Go through the entries below. Copy each line in which "sepC" appears.
---*---
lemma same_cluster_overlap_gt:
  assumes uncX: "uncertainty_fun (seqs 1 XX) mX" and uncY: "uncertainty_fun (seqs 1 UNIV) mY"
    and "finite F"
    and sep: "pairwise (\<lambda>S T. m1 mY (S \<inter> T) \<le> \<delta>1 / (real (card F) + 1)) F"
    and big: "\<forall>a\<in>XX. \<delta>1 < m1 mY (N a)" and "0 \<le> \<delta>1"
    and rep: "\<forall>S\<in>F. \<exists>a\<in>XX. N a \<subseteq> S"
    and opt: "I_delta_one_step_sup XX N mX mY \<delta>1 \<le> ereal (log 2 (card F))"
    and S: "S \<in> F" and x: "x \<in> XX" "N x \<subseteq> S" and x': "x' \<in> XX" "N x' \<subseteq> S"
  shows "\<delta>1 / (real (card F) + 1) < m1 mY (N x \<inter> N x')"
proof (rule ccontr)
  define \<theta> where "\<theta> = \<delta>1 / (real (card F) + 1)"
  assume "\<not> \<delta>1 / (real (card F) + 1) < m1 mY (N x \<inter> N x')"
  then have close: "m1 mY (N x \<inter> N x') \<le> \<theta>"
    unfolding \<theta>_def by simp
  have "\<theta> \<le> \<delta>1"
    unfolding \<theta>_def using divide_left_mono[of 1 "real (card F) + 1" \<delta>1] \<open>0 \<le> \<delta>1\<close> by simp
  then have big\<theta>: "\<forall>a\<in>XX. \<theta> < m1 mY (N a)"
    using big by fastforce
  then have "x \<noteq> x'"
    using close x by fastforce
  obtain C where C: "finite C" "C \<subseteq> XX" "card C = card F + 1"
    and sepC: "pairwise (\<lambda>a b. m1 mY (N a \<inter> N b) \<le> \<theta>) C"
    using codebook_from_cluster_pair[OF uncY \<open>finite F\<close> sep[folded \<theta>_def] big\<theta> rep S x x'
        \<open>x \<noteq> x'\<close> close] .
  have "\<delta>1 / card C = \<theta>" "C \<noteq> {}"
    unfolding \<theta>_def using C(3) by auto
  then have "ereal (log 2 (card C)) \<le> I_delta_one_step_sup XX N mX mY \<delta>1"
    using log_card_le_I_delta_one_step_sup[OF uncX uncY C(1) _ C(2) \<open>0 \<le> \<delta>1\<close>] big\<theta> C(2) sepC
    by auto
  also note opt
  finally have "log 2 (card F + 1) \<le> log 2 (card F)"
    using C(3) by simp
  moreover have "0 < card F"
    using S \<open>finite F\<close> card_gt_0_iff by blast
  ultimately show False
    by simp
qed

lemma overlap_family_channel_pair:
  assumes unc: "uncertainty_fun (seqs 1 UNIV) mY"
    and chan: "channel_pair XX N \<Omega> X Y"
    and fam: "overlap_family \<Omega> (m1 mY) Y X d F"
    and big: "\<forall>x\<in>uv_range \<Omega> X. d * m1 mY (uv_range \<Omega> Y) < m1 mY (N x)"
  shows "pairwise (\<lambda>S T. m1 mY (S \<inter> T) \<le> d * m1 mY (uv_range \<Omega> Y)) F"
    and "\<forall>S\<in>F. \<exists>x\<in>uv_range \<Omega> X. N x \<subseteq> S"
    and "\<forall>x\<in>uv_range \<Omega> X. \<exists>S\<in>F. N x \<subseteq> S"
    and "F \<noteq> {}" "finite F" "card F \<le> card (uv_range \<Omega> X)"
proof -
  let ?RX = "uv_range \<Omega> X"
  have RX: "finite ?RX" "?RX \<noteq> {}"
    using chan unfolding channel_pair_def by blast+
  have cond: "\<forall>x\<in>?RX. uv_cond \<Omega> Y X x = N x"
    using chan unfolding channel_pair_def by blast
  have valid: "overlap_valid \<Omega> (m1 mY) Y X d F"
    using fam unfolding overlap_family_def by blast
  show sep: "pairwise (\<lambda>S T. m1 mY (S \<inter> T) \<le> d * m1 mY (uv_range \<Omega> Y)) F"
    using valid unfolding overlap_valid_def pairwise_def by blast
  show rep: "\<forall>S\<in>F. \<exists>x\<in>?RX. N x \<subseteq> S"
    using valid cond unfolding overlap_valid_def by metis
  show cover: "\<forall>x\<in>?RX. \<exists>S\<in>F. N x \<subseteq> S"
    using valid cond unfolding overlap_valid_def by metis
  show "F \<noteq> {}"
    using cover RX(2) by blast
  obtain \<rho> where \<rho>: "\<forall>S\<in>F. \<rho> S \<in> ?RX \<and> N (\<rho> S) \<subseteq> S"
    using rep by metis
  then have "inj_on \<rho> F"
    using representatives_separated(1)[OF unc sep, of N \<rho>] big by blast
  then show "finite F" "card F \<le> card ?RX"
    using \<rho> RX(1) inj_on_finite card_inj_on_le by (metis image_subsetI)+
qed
---*---
- RESPONSE TO THE TASK -
    and sepC: "pairwise (\<lambda>a b. m1 mY (N a \<inter> N b) \<le> \<theta>) C"
    using log_card_le_I_delta_one_step_sup[OF uncX uncY C(1) _ C(2) \<open>0 \<le> \<delta>1\<close>] big\<theta> C(2) sepC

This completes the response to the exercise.